_Problem details_
All lines from the one containing "for cor R where" down to the one containing "text \<open>Root system", both ends included, are to be given again exactly; omit the rest of the listing below.
==== Records to use
(* Let $G$ be a split connected reductive group with maximal torus $T$, $M\subseteq G$ a Levi subgroup containing $T$, $\tilde W_M=X^*(T)\rtimes W_M$, and $W^M=\{w\in W:\ell(s_\alpha w)>\ell(w)\ \forall\alpha\in\Delta_M\}$. Let $\tilde z\in\tilde W_M$ and let $r\in\tilde W_M$ be an affine reflection with $\ell(\tilde z)<\ell(r\tilde z)$ (lengths in $\tilde W_M$). Then for every $w^M\in W^M$, $\ell((w^M)^{-1}\tilde zw^M)<\ell((w^M)^{-1}r\tilde zw^M)$ (lengths in $\tilde W$).
   Context: $W=W(G,T)$, $W_M=W(M,T)\subseteq W$, $\Delta_M$ the simple roots of $(M,B\cap M,T)$, $\tilde W=X^*(T)\rtimes W$. Length functions on $\tilde W$ (resp. $\tilde W_M$) are defined via the dominant base alcove $A_0$ of $G$ (resp. the dominant base alcove of $M$), extended to the extended affine Weyl group by $\ell(\tilde w\delta)=\ell(\tilde w)$ for $\delta$ in the stabilizer of the base alcove. Affine reflections are elements $s_\alpha t_{m\alpha}$, $m\in\mathbb Z$. *)

theory Defs
  imports "HOL-Analysis.Analysis"
begin

text \<open>A split connected reductive group with maximal torus T is encoded by its (reduced)
root datum. V = X^*(T) \<otimes> R is modelled by a Euclidean space; the inner product
identifies V with its dual, so the cocharacter lattice is the dual lattice of X and
coroots are vectors of V paired with characters via the inner product.\<close>

definition is_lattice :: "'v::euclidean_space set \<Rightarrow> bool" where
  "is_lattice X \<longleftrightarrow> (\<exists>B. independent B \<and> span B = UNIV \<and>
      X = {x. \<exists>c::'v \<Rightarrow> int. x = (\<Sum>b\<in>B. of_int (c b) *\<^sub>R b)})"

definition refl :: "('v::real_inner \<Rightarrow> 'v) \<Rightarrow> 'v \<Rightarrow> 'v \<Rightarrow> 'v" where
  "refl cor \<alpha> x = x - (x \<bullet> cor \<alpha>) *\<^sub>R \<alpha>"

definition corefl :: "('v::real_inner \<Rightarrow> 'v) \<Rightarrow> 'v \<Rightarrow> 'v \<Rightarrow> 'v" where
  "corefl cor \<alpha> y = y - (\<alpha> \<bullet> y) *\<^sub>R cor \<alpha>"

definition reduced_root_datum :: "'v::euclidean_space set \<Rightarrow> 'v set \<Rightarrow> ('v \<Rightarrow> 'v) \<Rightarrow> bool" where
  "reduced_root_datum X R cor \<longleftrightarrow> is_lattice X \<and> finite R \<and> R \<subseteq> X \<and> inj_on cor R \<and>
     (\<forall>\<alpha>\<in>R. (\<forall>x\<in>X. x \<bullet> cor \<alpha> \<in> \<int>) \<and> \<alpha> \<bullet> cor \<alpha> = 2 \<and>
         refl cor \<alpha> ` R = R \<and> corefl cor \<alpha> ` (cor ` R) = cor ` R \<and> 2 *\<^sub>R \<alpha> \<notin> R)"

inductive_set weyl_group :: "('v::real_inner \<Rightarrow> 'v) \<Rightarrow> 'v set \<Rightarrow> ('v \<Rightarrow> 'v) set"
  for cor R where
  wid: "id \<in> weyl_group cor R"
| wstep: "w \<in> weyl_group cor R \<Longrightarrow> \<alpha> \<in> R \<Longrightarrow> refl cor \<alpha> \<circ> w \<in> weyl_group cor R"

definition ext_affine_weyl :: "('v::real_inner \<Rightarrow> 'v) \<Rightarrow> 'v set \<Rightarrow> 'v set \<Rightarrow> ('v \<Rightarrow> 'v) set" where
  "ext_affine_weyl cor X R = {(\<lambda>x. w x + l) | l w. l \<in> X \<and> w \<in> weyl_group cor R}"

definition affine_refl :: "('v::real_inner \<Rightarrow> 'v) \<Rightarrow> 'v \<Rightarrow> int \<Rightarrow> 'v \<Rightarrow> 'v" where
  "affine_refl cor \<alpha> m = (\<lambda>x. refl cor \<alpha> (x + of_int m *\<^sub>R \<alpha>))"

text \<open>Positive system determined by a regular vector xi (choice of Borel B \<supseteq> T).\<close>
definition pos_roots :: "'v::real_inner set \<Rightarrow> 'v \<Rightarrow> 'v set" where
  "pos_roots R \<xi> = {\<alpha>\<in>R. 0 < \<alpha> \<bullet> \<xi>}"

definition simple_roots :: "'v::real_inner set \<Rightarrow> 'v set" where
  "simple_roots P = {\<alpha>\<in>P. \<not> (\<exists>\<beta>\<in>P. \<exists>\<gamma>\<in>P. \<alpha> = \<beta> + \<gamma>)}"

text \<open>Root system of the Levi subgroup M = Z_G(S) (centralizer of a subtorus),
S given by (real spans of) cocharacters.\<close>
definition levi_roots :: "'v::real_inner set \<Rightarrow> 'v set \<Rightarrow> 'v set" where
  "levi_roots R S = {\<alpha>\<in>R. \<forall>y\<in>S. \<alpha> \<bullet> y = 0}"

definition base_alcove :: "('v::real_inner \<Rightarrow> 'v) \<Rightarrow> 'v set \<Rightarrow> 'v set" where
  "base_alcove cor P = {x. \<forall>\<alpha>\<in>P. 0 < x \<bullet> cor \<alpha> \<and> x \<bullet> cor \<alpha> < 1}"

definition separates :: "('v::real_inner \<Rightarrow> 'v) \<Rightarrow> 'v set \<Rightarrow> 'v set \<Rightarrow> 'v \<Rightarrow> int \<Rightarrow> bool" where
  "separates cor A B \<alpha> k \<longleftrightarrow>
     (\<exists>a\<in>A. \<exists>b\<in>B. (a \<bullet> cor \<alpha> - of_int k) * (b \<bullet> cor \<alpha> - of_int k) < 0)"

definition alcove_length :: "('v::real_inner \<Rightarrow> 'v) \<Rightarrow> 'v set \<Rightarrow> ('v \<Rightarrow> 'v) \<Rightarrow> nat" where
  "alcove_length cor P f =
     card {(\<alpha>, k). \<alpha> \<in> P \<and> separates cor (base_alcove cor P) (f ` base_alcove cor P) \<alpha> k}"

end

theory Submission
  imports Defs
begin

(*
  Twice the length of g equals the number of affine roots f (both signs counted) separating
  a point a of the base alcove from g a, i.e. with f a * f (g a) < 0. If the mirror of an
  affine reflection r does not separate p from q, reflecting q across it gains the two affine
  roots of that mirror, while every other root separating p from q either still separates p
  from r q or is traded for its pullback along r; so the count grows, and conversely.

  A minimal coset representative w maps a into the base alcove of M: positivity on the simple
  coroots of M follows from the length condition, on all positive coroots of M from an
  invariant form, and the upper bound holds because w permutes the coroots. At the point w a
  the hypothesis on z says that the mirror of r does not separate w a from z (w a); the same
  count for G, transported back by w^-1, gives the conclusion.
*)

lemma product_sign_shift:
  fixes a b c d :: real
  assumes ab: "a * b < 0" and abd: "\<not> a * (b - d) < 0" and cd: "0 \<le> c * d"
  shows "(a - c) * b < 0 \<and> \<not> (a - c) * (b - d) < 0"
proof (cases "0 < a")
  case True
  then have "b < 0" "0 \<le> b - d"
    using ab abd by (auto simp: mult_less_0_iff)
  then have "0 < a - c"
    using True cd by (auto simp: zero_le_mult_iff)
  then show ?thesis
    using \<open>b < 0\<close> \<open>0 \<le> b - d\<close> by (auto simp: mult_less_0_iff)
next
  case False
  then have "a < 0" "0 < b" "b - d \<le> 0"
    using ab abd by (auto simp: mult_less_0_iff)
  then have "a - c < 0"
    using cd by (auto simp: zero_le_mult_iff)
  then show ?thesis
    using \<open>0 < b\<close> \<open>b - d \<le> 0\<close> by (auto simp: mult_less_0_iff)
qed

lemma mult_neg_transfer:
  fixes p p' q q' :: real
  assumes "p * q < 0" and "0 < p * p'" and "0 < q * q'"
  shows "p' * q' < 0"
proof -
  have "0 < (p * p') * (q * q')"
    using assms(2,3) by simp
  then have "0 < (p * q) * (p' * q')"
    by (simp add: algebra_simps)
  then show ?thesis
    using assms(1) zero_less_mult_iff[of "p * q" "p' * q'"] by linarith
qed

lemma finite_ints_between:
  fixes u v :: real
  shows "finite {k::int. (u - of_int k) * (v - of_int k) < 0}"
proof (rule finite_subset)
  show "{k::int. (u - of_int k) * (v - of_int k) < 0} \<subseteq> {-\<lceil>\<bar>u\<bar> + \<bar>v\<bar>\<rceil>..\<lceil>\<bar>u\<bar> + \<bar>v\<bar>\<rceil>}"
  proof
    fix k :: int
    assume "k \<in> {k. (u - of_int k) * (v - of_int k) < 0}"
    then have "\<bar>of_int k\<bar> \<le> \<bar>u\<bar> + \<bar>v\<bar>"
      by (auto simp: mult_less_0_iff)
    then have "\<bar>k\<bar> \<le> \<lceil>\<bar>u\<bar> + \<bar>v\<bar>\<rceil>"
      by linarith
    then show "k \<in> {-\<lceil>\<bar>u\<bar> + \<bar>v\<bar>\<rceil>..\<lceil>\<bar>u\<bar> + \<bar>v\<bar>\<rceil>}"
      by (simp add: abs_le_iff)
  qed
qed simp

lemma mult_pos_in_unit_interval:
  fixes u v :: real and n k :: int
  assumes "of_int n < u" "u < of_int n + 1" "of_int n < v" "v < of_int n + 1"
  shows "0 < (u - of_int k) * (v - of_int k)"
proof (cases "k \<le> n")
  case True
  then have "(of_int k :: real) \<le> of_int n"
    by simp
  then show ?thesis
    using assms by (intro mult_pos_pos) auto
next
  case False
  then have "of_int n + 1 \<le> (of_int k :: real)"
    by linarith
  then show ?thesis
    using assms by (intro mult_neg_neg) auto
qed

lemma inner_refl_eq_inner_corefl: "refl cor \<alpha> x \<bullet> y = x \<bullet> corefl cor \<alpha> y"
  by (simp add: refl_def corefl_def inner_diff_left inner_diff_right algebra_simps)

lemma coreflection_unique:
  fixes C :: "'v::real_inner set"
  assumes "finite C" and "d \<in> C" and \<gamma>d: "\<gamma> \<bullet> d = 2" and \<gamma>e: "\<gamma> \<bullet> e = 2"
    and d: "\<And>y. y \<in> C \<Longrightarrow> y - (\<gamma> \<bullet> y) *\<^sub>R d \<in> C"
    and e: "\<And>y. y \<in> C \<Longrightarrow> y - (\<gamma> \<bullet> y) *\<^sub>R e \<in> C"
  shows "d = e"
proof (rule ccontr)
  assume "d \<noteq> e"
  \<comment> \<open>The two reflections compose to a transvection whose orbit through d is infinite.\<close>
  have transvection: "y + (\<gamma> \<bullet> y) *\<^sub>R (d - e) \<in> C" if "y \<in> C" for y
  proof -
    have \<gamma>y: "\<gamma> \<bullet> (y - (\<gamma> \<bullet> y) *\<^sub>R e) = - (\<gamma> \<bullet> y)"
      using \<gamma>e by (simp add: inner_diff_right)
    have "y - (\<gamma> \<bullet> y) *\<^sub>R e - (\<gamma> \<bullet> (y - (\<gamma> \<bullet> y) *\<^sub>R e)) *\<^sub>R d \<in> C"
      using d e that by blast
    also have "y - (\<gamma> \<bullet> y) *\<^sub>R e - (\<gamma> \<bullet> (y - (\<gamma> \<bullet> y) *\<^sub>R e)) *\<^sub>R d = y + (\<gamma> \<bullet> y) *\<^sub>R (d - e)"
      unfolding \<gamma>y by (simp add: algebra_simps)
    finally show ?thesis .
  qed
  have orbit: "d + (2 * real n) *\<^sub>R (d - e) \<in> C" for n
  proof (induction n)
    case 0
    show ?case using \<open>d \<in> C\<close> by simp
  next
    case (Suc n)
    have "\<gamma> \<bullet> (d + (2 * real n) *\<^sub>R (d - e)) = 2"
      using \<gamma>d \<gamma>e by (simp add: inner_add_right inner_diff_right)
    then have "d + (2 * real n) *\<^sub>R (d - e) + 2 *\<^sub>R (d - e) \<in> C"
      using transvection[OF Suc] by simp
    also have "d + (2 * real n) *\<^sub>R (d - e) + 2 *\<^sub>R (d - e) = d + (2 * real (Suc n)) *\<^sub>R (d - e)"
      by (simp add: algebra_simps)
    finally show ?case .
  qed
  have "inj (\<lambda>n::nat. d + (2 * real n) *\<^sub>R (d - e))"
    using \<open>d \<noteq> e\<close> by (auto intro!: injI)
  moreover have "range (\<lambda>n::nat. d + (2 * real n) *\<^sub>R (d - e)) \<subseteq> C"
    using orbit by auto
  ultimately show False
    using \<open>finite C\<close> finite_subset infinite_UNIV_nat finite_imageD by metis
qed

lemma reflection_invariant_form_sign:
  fixes C :: "'v::real_inner set"
  assumes "finite C" and "u \<in> C" and uv: "u \<bullet> v = 2"
    and refl_C: "(\<lambda>c. c - (v \<bullet> c) *\<^sub>R u) ` C = C"
  shows "0 < x \<bullet> u \<longleftrightarrow> 0 < (\<Sum>c\<in>C. (x \<bullet> c) * (v \<bullet> c))"
proof -
  \<comment> \<open>Reindexing the sum by the reflection s gives 2 B = (x \<bullet> u) N with N > 0.\<close>
  define s where "s c = c - (v \<bullet> c) *\<^sub>R u" for c
  define B where "B = (\<Sum>c\<in>C. (x \<bullet> c) * (v \<bullet> c))"
  define N where "N = (\<Sum>c\<in>C. (v \<bullet> c) * (v \<bullet> c))"
  have v_s: "v \<bullet> s c = - (v \<bullet> c)" for c
    using uv by (simp add: s_def inner_diff_right inner_commute)
  have "s (s c) = c" for c
    using v_s[of c] by (simp add: s_def)
  then have "inj_on s C"
    by (metis inj_onI)
  then have "B = (\<Sum>c\<in>C. (x \<bullet> s c) * (v \<bullet> s c))"
    using sum.reindex[of s C "\<lambda>c. (x \<bullet> c) * (v \<bullet> c)"] refl_C
    by (simp add: B_def s_def[abs_def])
  also have "\<dots> = (\<Sum>c\<in>C. (x \<bullet> u) * ((v \<bullet> c) * (v \<bullet> c)) - (x \<bullet> c) * (v \<bullet> c))"
  proof (rule sum.cong)
    fix c
    have x_s: "x \<bullet> s c = x \<bullet> c - (v \<bullet> c) * (x \<bullet> u)"
      by (simp add: s_def inner_diff_right)
    show "(x \<bullet> s c) * (v \<bullet> s c) = (x \<bullet> u) * ((v \<bullet> c) * (v \<bullet> c)) - (x \<bullet> c) * (v \<bullet> c)"
      unfolding x_s v_s by (simp add: algebra_simps)
  qed simp
  also have "\<dots> = (x \<bullet> u) * N - B"
    by (simp add: B_def N_def sum_subtractf sum_distrib_left)
  finally have "2 * B = (x \<bullet> u) * N"
    by simp
  moreover have "(v \<bullet> u) * (v \<bullet> u) \<le> N"
    unfolding N_def using assms(1,2) by (intro member_le_sum) auto
  then have "0 < N"
    using uv by (simp add: inner_commute)
  ultimately show ?thesis
    unfolding B_def by (smt (verit) zero_less_mult_iff)
qed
========
_Response to the task_
  for cor R where
  wid: "id \<in> weyl_group cor R"
| wstep: "w \<in> weyl_group cor R \<Longrightarrow> \<alpha> \<in> R \<Longrightarrow> refl cor \<alpha> \<circ> w \<in> weyl_group cor R"

definition ext_affine_weyl :: "('v::real_inner \<Rightarrow> 'v) \<Rightarrow> 'v set \<Rightarrow> 'v set \<Rightarrow> ('v \<Rightarrow> 'v) set" where
  "ext_affine_weyl cor X R = {(\<lambda>x. w x + l) | l w. l \<in> X \<and> w \<in> weyl_group cor R}"

definition affine_refl :: "('v::real_inner \<Rightarrow> 'v) \<Rightarrow> 'v \<Rightarrow> int \<Rightarrow> 'v \<Rightarrow> 'v" where
  "affine_refl cor \<alpha> m = (\<lambda>x. refl cor \<alpha> (x + of_int m *\<^sub>R \<alpha>))"

text \<open>Positive system determined by a regular vector xi (choice of Borel B \<supseteq> T).\<close>
definition pos_roots :: "'v::real_inner set \<Rightarrow> 'v \<Rightarrow> 'v set" where
  "pos_roots R \<xi> = {\<alpha>\<in>R. 0 < \<alpha> \<bullet> \<xi>}"

definition simple_roots :: "'v::real_inner set \<Rightarrow> 'v set" where
  "simple_roots P = {\<alpha>\<in>P. \<not> (\<exists>\<beta>\<in>P. \<exists>\<gamma>\<in>P. \<alpha> = \<beta> + \<gamma>)}"

text \<open>Root system of the Levi subgroup M = Z_G(S) (centralizer of a subtorus),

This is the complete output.